Место человеку может указать (научить) только тот, кто сам знает свое место. Не было, не могло быть архитектурной идеи гениальней, чем передоверить возведение храма самому Творцу…
Так я стоял, сжимая и разжимая ладонь, словно она была в смоле, и не мог постичь того, что было знакомо мне с первого вдоха, – мой мир.
Господи! вот он…
Нет, не в храме, вот здесь мог я рухнуть на колени. Я не сделал этого жеста, никому не демонстрировал… но я все равно был в этот момент на коленях – возвышенно-смиренный, униженно-благодарный.
Нету слов.
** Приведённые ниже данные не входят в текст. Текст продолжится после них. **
lemma pgon_cases:
  assumes "4 \<le> m"
  shows "pgon m x = 0 \<or> pgon m x = 1 \<or> int m - 3 \<le> pgon m x"
proof -
  define q where "q = (int m - 2) * x^2 - (int m - 4) * x"
  have pq: "pgon m x = q div 2"
    by (simp add: pgon_def q_def)
  consider "x \<ge> 2" | "x \<le> -1" | "x = 0" | "x = 1"
    by linarith
  then show ?thesis
  proof cases
    case 1
    have "(x - 2) * ((int m - 2) * x + int m) \<ge> 0"
      using 1 assms by (intro mult_nonneg_nonneg) auto
    moreover have "(x - 2) * ((int m - 2) * x + int m) = q - 2 * int m"
      by (simp add: q_def power2_eq_square algebra_simps)
    ultimately show ?thesis
      using pq by linarith
  next
    case 2
    have "(int m - 2) * x \<le> 0"
      using 2 assms by (intro mult_nonneg_nonpos) auto
    then have "(x + 1) * ((int m - 2) * x - 2 * (int m - 3)) \<ge> 0"
      using 2 assms by (intro mult_nonpos_nonpos) auto
    moreover have "(x + 1) * ((int m - 2) * x - 2 * (int m - 3)) = q - 2 * (int m - 3)"
      by (simp add: q_def power2_eq_square algebra_simps)
    ultimately have "2 * (int m - 3) \<le> q"
      by linarith
    then show ?thesis
      using pq zdiv_mono1[of "2 * (int m - 3)" q 2] by simp
  qed auto
qed

lemma pgon_nonneg: "4 \<le> m \<Longrightarrow> 0 \<le> pgon m x"
  using pgon_cases[of m x] by auto

lemma pgon_3_ne_2: "pgon 3 y \<noteq> 2"
proof -
  have "pgon 3 y = (y * (y + 1)) div 2"
    by (simp add: pgon_def power2_eq_square algebra_simps)
  moreover have "y * (y + 1) \<ge> 6" if "y \<ge> 2 \<or> y \<le> -3"
    using that mult_mono[of 2 y 3 "y + 1"] mult_mono[of 3 "-y" 2 "-y - 1"]
    by (auto simp: algebra_simps)
  moreover have "y \<in> {-2, -1, 0, 1}" if "\<not> (y \<ge> 2 \<or> y \<le> -3)"
    using that by auto
  ultimately show ?thesis
    by fastforce
qed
Их – как не бывало.
Здесь надо было заново учиться языку, зародить его, разлепить с трудом губы, тем же исполненным бесстрашия усилием, каким осмелился распахнуть глаза, и произнести первое слово, одно, чтобы назвать то, что мы видим: мир. И дальше по слогам, шажками букваря, держась за краешек страницы: это – мир. Он – весь. Это – всё. Передо мной – всё. Мир – это всё. Передо мной отворился мир. Я застыл на пороге. Замер в дверях. Ворота в мир. Врата мира. Я стою на пороге. Это я стою. Это – я.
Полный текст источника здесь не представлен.